Gap structure of FeSe determined by field-angle-resolved specific heat measurements

TL;DR

This study reveals the complex multigap structure of FeSe through detailed field-angle-resolved specific heat measurements, identifying three distinct superconducting gaps with unique symmetry and anisotropy properties.

Contribution

The paper provides the first detailed experimental determination of the gap structure and symmetry in FeSe using angle-resolved specific heat, supported by theoretical calculations.

Findings

FeSe has three distinct superconducting gaps with different symmetries.

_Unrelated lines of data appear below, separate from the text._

(* There exists an absolute constant $C>0$ such that the following holds. Let $n\ge1$, let $S=\{\tau_1,\dots,\tau_{|S|}\}\subset[0,1)$ be finite with minimum separation $\Delta$ satisfying $\Delta\ge C\,\lambda_c\log|S|$, where $\lambda_c=1/n$, and consider the measure $\mu=\sum_{\tau\in S}\delta_\tau$. Then the $2|S|\times2|S|$ matrix $$\begin{pmatrix} D_0 & \frac{1}{\sqrt{|D_N''(0)|}}D_1\\[2pt] -\frac{1}{\sqrt{|D_N''(0)|}}D_1 & -\frac{1}{|D_N''(0)|}D_2\end{pmatrix}$$ is invertible, so that there are unique $a,b\in\mathbb{C}^{|S|}$ with $$\begin{pmatrix} D_0 & \frac{1}{\sqrt{|D_N''(0)|}}D_1\\ -\frac{1}{\sqrt{|D_N''(0)|}}D_1 & -\frac{1}{|D_N''(0)|}D_2\end{pmatrix}\begin{pmatrix} a\\ b\sqrt{|D_N''(0)|}\end{pmatrix}=\begin{pmatrix} v\\ 0\end{pmatrix},\qquad v=(1,\dots,1)^T,$$ and the trigonometric polynomial $\eta(\theta)=\sum_{k}a_k D_N(\theta-\tau_k)+\sum_k b_k D_N'(\theta-\tau_k)$ satisfies $|\eta(\theta)|\le1$ for all $\theta\in[0,1]$ and $\eta(\tau)=1$ for every $\tau\in S$.
   Context: $D_N(\theta)=\frac{1}{2n+1}\sum_{k=-n}^{n}e^{2\pi i k\theta}$ is the normalized Dirichlet kernel, with derivatives $D_N',D_N''$. $(D_0)_{jk}=D_N(\tau_j-\tau_k)$, $(D_1)_{jk}=D_N'(\tau_j-\tau_k)$, $(D_2)_{jk}=D_N''(\tau_j-\tau_k)$. For $x\in\mathbb{R}$, $|x|_{\mathrm{mod}\,1}=\min_{m\in\mathbb{Z}}|x-m|$; $\Delta=\min_{\tau\neq\tau'\in S}|\tau-\tau'|_{\mathrm{mod}\,1}$ (with $\Delta=+\infty$ if $|S|=1$). The paper's hypothesis "$\Delta\gtrsim\lambda_c\log(S)$" is rendered as $\Delta\ge C\lambda_c\log|S|$ for an absolute constant $C$. *)

theory Defs
  imports "HOL-Analysis.Analysis" "Jordan_Normal_Form.Matrix"
begin

definition dirichlet :: "nat \<Rightarrow> real \<Rightarrow> complex" where
  "dirichlet n \<theta> = (1 / of_nat (2 * n + 1)) *
     (\<Sum>k\<in>{-int n..int n}. exp (2 * of_real pi * \<i> * of_int k * of_real \<theta>))"

definition dirichlet1 :: "nat \<Rightarrow> real \<Rightarrow> complex" where
  "dirichlet1 n \<theta> = vector_derivative (dirichlet n) (at \<theta>)"

definition dirichlet2 :: "nat \<Rightarrow> real \<Rightarrow> complex" where
  "dirichlet2 n \<theta> = vector_derivative (dirichlet1 n) (at \<theta>)"

definition abs_mod1 :: "real \<Rightarrow> real" where
  "abs_mod1 x = Inf {\<bar>x - of_int m\<bar> | m. True}"

definition kmat :: "(real \<Rightarrow> complex) \<Rightarrow> nat \<Rightarrow> (nat \<Rightarrow> real) \<Rightarrow> complex mat" where
  "kmat f m \<tau> = mat m m (\<lambda>(j, k). f (\<tau> j - \<tau> k))"

end

theory Submission
  imports Defs "Jordan_Normal_Form.Determinant"
begin

text \<open>Written as real cosine sums, the Dirichlet kernel and its derivatives decay away from \<open>0\<close>:
  summation by parts bounds the \<open>p\<close>-th derivative at \<open>x\<close> by a multiple of
  \<open>(2 \<pi> n) ^ p / (n * abs_mod1 x)\<close>. Nodes at mutual distance \<open>\<Delta>\<close> fall into distinct bins of
  width \<open>\<Delta> / 2\<close>, so summing \<open>1 / abs_mod1 (\<theta> - \<tau> k)\<close> over all nodes but the nearest one gives a
  harmonic sum, at most \<open>6 (1 + log |S|) / \<Delta>\<close>. For \<open>\<Delta> \<ge> 10 ^ 6 log |S| / n\<close> the contributions of
  the distant nodes are therefore tiny: the normalized interpolation matrix has unit diagonal and
  off-diagonal row sums at most \<open>5 \<epsilon>\<close>, so it is invertible and its solution is real with \<open>a\<close> close
  to \<open>1\<close> and \<open>b\<close> close to \<open>0\<close>. Within \<open>1 / (4 (2 n + 1))\<close> of a node the negative curvature
  \<open>D\<^sub>N''(0)\<close> dominates, so \<open>\<eta>'' < 0\<close> there, and \<open>\<eta> = 1\<close>, \<open>\<eta>' = 0\<close> at the node give \<open>\<eta> \<le> 1\<close>;
  further away \<open>|\<eta>| \<le> |D\<^sub>N| + O(\<epsilon>)\<close> with \<open>|D\<^sub>N| \<le> 49 / 50\<close>.\<close>

text \<open>\<open>dirichlet_deriv p n\<close> is the \<open>p\<close>-th derivative of \<open>D\<^sub>N\<close> as a real cosine sum: each
  differentiation shifts the phase by \<open>\<pi>/2\<close>, and the constant term \<open>0 ^ p\<close> survives only for \<open>p = 0\<close>.\<close>

definition dirichlet_deriv :: "nat \<Rightarrow> nat \<Rightarrow> real \<Rightarrow> real" where
  "dirichlet_deriv p n x =
     (0 ^ p + 2 * (\<Sum>k=1..n. (2 * pi * real k) ^ p * cos (2 * pi * real k * x + real p * pi / 2)))
     / real (2 * n + 1)"

lemma cos_phase_has_real_derivative:
  "((\<lambda>x. c ^ p * cos (c * x + real p * pi / 2)) has_real_derivative
     c ^ Suc p * cos (c * x + real (Suc p) * pi / 2)) (at x)"
proof -
  have "cos (c * x + real (Suc p) * pi / 2) = - sin (c * x + real p * pi / 2)"
    by (simp add: minus_sin_cos_eq add_divide_distrib algebra_simps)
  then show ?thesis by (auto intro!: derivative_eq_intros)
qed

lemma dirichlet_deriv_has_real_derivative:
  "(dirichlet_deriv p n has_real_derivative dirichlet_deriv (Suc p) n x) (at x)"
proof -
  have "((\<lambda>x. \<Sum>k=1..n. (2 * pi * real k) ^ p * cos (2 * pi * real k * x + real p * pi / 2))
        has_real_derivative
        (\<Sum>k=1..n. (2 * pi * real k) ^ Suc p * cos (2 * pi * real k * x + real (Suc p) * pi / 2)))
        (at x)"
    by (intro DERIV_sum cos_phase_has_real_derivative)
  then have "((\<lambda>x. (0 ^ p + 2 * (\<Sum>k=1..n. (2 * pi * real k) ^ p * cos (2 * pi * real k * x + real p * pi / 2)))
        / real (2 * n + 1)) has_real_derivative
        (0 + 2 * (\<Sum>k=1..n. (2 * pi * real k) ^ Suc p * cos (2 * pi * real k * x + real (Suc p) * pi / 2)))
        / real (2 * n + 1)) (at x)"
    by (intro DERIV_cdivide DERIV_add DERIV_cmult DERIV_const)
  then show ?thesis
    unfolding dirichlet_deriv_def[abs_def] by simp
qed

lemma dirichlet_deriv_chain:
  "(g has_real_derivative g') (at x) \<Longrightarrow>
     ((\<lambda>x. dirichlet_deriv p n (g x)) has_real_derivative dirichlet_deriv (Suc p) n (g x) * g') (at x)"
  by (rule DERIV_chain2[OF dirichlet_deriv_has_real_derivative])

lemma sum_exp_eq_cos_sum:
  "(\<Sum>k\<in>{-int n..int n}. exp (\<i> * of_int k * of_real t)) = of_real (1 + 2 * (\<Sum>k=1..n. cos (real k * t)))"
proof (induction n)
  case (Suc n)
  have "{-int (Suc n)..int (Suc n)} = insert (-int (Suc n)) (insert (int (Suc n)) {-int n..int n})"
    by auto
  moreover have "exp (\<i> * of_int (int (Suc n)) * of_real t) + exp (\<i> * of_int (-int (Suc n)) * of_real t)
        = of_real (2 * cos (real (Suc n) * t))"
    by (simp add: cos_exp_eq cos_of_real[symmetric] algebra_simps del: of_nat_Suc)
  ultimately show ?case using Suc by (simp add: algebra_simps del: of_nat_Suc)
qed simp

The smallest gap has vertical-line nodes or minima along the $k_z$ direction.

The gaps exhibit specific anisotropic behaviors related to their Fermi surface bands.

Abstract

Quasiparticle excitations in FeSe were studied by means of specific heat ($C$) measurements on a high-quality single crystal under rotating magnetic fields. The field dependence of $C$ shows three-stage behavior with different slopes, indicating the existence of three gaps ($\Delta_1$, $\Delta_2$, and $\Delta_3$). In the low-temperature and low-field region, the azimuthal-angle ($\phi$) dependence of $C$ shows a four-fold symmetric oscillation with sign change. On the other hand, the polar-angle ($\theta$) dependence manifests as an anisotropy-inverted two-fold symmetry with unusual shoulder behavior. Combining the angle-resolved results and the theoretical calculation, the smaller gap $\Delta_1$ is proved to have two vertical-line nodes or gap minima along the $k_z$ direction, and is determined to reside on the electron-type $\varepsilon$ band. $\Delta_2$ is found to be related to the electron-type $\delta$ band, and is isotropic in the $ab$-plane but largely anisotropic out of the plane. $\Delta_3$ residing on the hole-type $\alpha$ band shows a small out-of-plane anisotropy with a strong Pauli-paramagnetic effect.